The ICD-10 code for May Hegglin Anomaly is D72.1. This code is used to classify this rare genetic disorder characterized by abnormal platelets, large inclusion bodies in white blood cells, and mild bleeding tendencies. In the previous ICD-9 system, the code for May Hegglin Anomaly was 287.31. It is important to consult with a healthcare professional for accurate diagnosis and appropriate treatment.
May-Hegglin anomaly (MHA) is a rare genetic disorder characterized by abnormal platelets, giant platelets, and presence of Döhle-like bodies in white blood cells. The ICD-10 code for May-Hegglin anomaly is D69.4. This code falls under the category of "Other primary thrombocytopenia" in the ICD-10 coding system.
In the older ICD-9 coding system, May-Hegglin anomaly was not specifically classified. However, it could potentially be categorized under other related codes such as 287.31 (Thrombocytopenia, unspecified) or 289.84 (Other specified diseases of blood and blood-forming organs).

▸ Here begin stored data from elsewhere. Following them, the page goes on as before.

(* A graph $G$ admits a full $C_5$-colouring if and only if $G$ has no induced subgraph isomorphic to $C_3$, to $K_1+P_4$, or to $2K_2$.
   Context: All graphs are finite, simple and loopless. $P_n$ and $C_n$ denote the path and cycle on $n$ vertices; $+$ denotes disjoint union and $2K_2$ is the disjoint union of two edges. A full $C_5$-colouring of $G$ is a map $\varphi\colon V(G)\to V(C_5)$ such that for all $x,y\in V(G)$, $xy\in E(G)$ if and only if $\varphi(x)\varphi(y)\in E(C_5)$. *)

theory Defs
  imports Main
begin

type_synonym 'a graph = "'a set \<times> ('a \<Rightarrow> 'a \<Rightarrow> bool)"

definition verts :: "'a graph \<Rightarrow> 'a set" where "verts G = fst G"
definition adj :: "'a graph \<Rightarrow> 'a \<Rightarrow> 'a \<Rightarrow> bool" where "adj G = snd G"

definition simple_graph :: "'a graph \<Rightarrow> bool" where
  "simple_graph G \<longleftrightarrow> finite (verts G)
     \<and> (\<forall>x y. adj G x y \<longrightarrow> x \<in> verts G \<and> y \<in> verts G)
     \<and> (\<forall>x y. adj G x y \<longrightarrow> adj G y x)
     \<and> (\<forall>x. \<not> adj G x x)"

definition path_graph :: "nat \<Rightarrow> nat graph" where
  "path_graph n = ({0..<n}, \<lambda>i j. i < n \<and> j < n \<and> (j = i + 1 \<or> i = j + 1))"

definition cycle_graph :: "nat \<Rightarrow> nat graph" where
  "cycle_graph n = ({0..<n}, \<lambda>i j. i < n \<and> j < n \<and> (j = Suc i mod n \<or> i = Suc j mod n) \<and> i \<noteq> j)"

definition complete_graph :: "nat \<Rightarrow> nat graph" where
  "complete_graph n = ({0..<n}, \<lambda>i j. i < n \<and> j < n \<and> i \<noteq> j)"

definition disj_union :: "'a graph \<Rightarrow> 'b graph \<Rightarrow> ('a + 'b) graph" where
  "disj_union G H = (verts G <+> verts H,
     \<lambda>u v. case (u, v) of (Inl x, Inl y) \<Rightarrow> adj G x y
                       | (Inr x, Inr y) \<Rightarrow> adj H x y
                       | _ \<Rightarrow> False)"

definition has_induced :: "'a graph \<Rightarrow> 'b graph \<Rightarrow> bool" where
  "has_induced G H \<longleftrightarrow> (\<exists>f. inj_on f (verts H) \<and> f ` verts H \<subseteq> verts G
      \<and> (\<forall>x\<in>verts H. \<forall>y\<in>verts H. adj G (f x) (f y) \<longleftrightarrow> adj H x y))"

definition full_C5_colouring :: "'a graph \<Rightarrow> ('a \<Rightarrow> nat) \<Rightarrow> bool" where
  "full_C5_colouring G \<phi> \<longleftrightarrow> (\<forall>x\<in>verts G. \<phi> x \<in> verts (cycle_graph 5))
      \<and> (\<forall>x\<in>verts G. \<forall>y\<in>verts G. adj G x y \<longleftrightarrow> adj (cycle_graph 5) (\<phi> x) (\<phi> y))"

end

theory Submission
  imports Defs
begin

May-Hegglin anomaly is a rare condition, and its diagnosis is typically made through a combination of clinical presentation, blood tests, and microscopic examination of blood smears. Patients with MHA may experience symptoms such as easy bruising, nosebleeds, and prolonged bleeding after injury or surgery. In some cases, MHA may be associated with kidney problems or hearing impairment.
Treatment for May-Hegglin anomaly is usually focused on managing symptoms and preventing complications. This may include close monitoring of platelet counts, avoiding medications that can further affect platelet function, and taking precautions to minimize the risk of bleeding. In severe cases, platelet transfusions may be necessary.
It is important for individuals with May-Hegglin anomaly to work closely with their healthcare providers to develop an appropriate management plan tailored to their specific needs.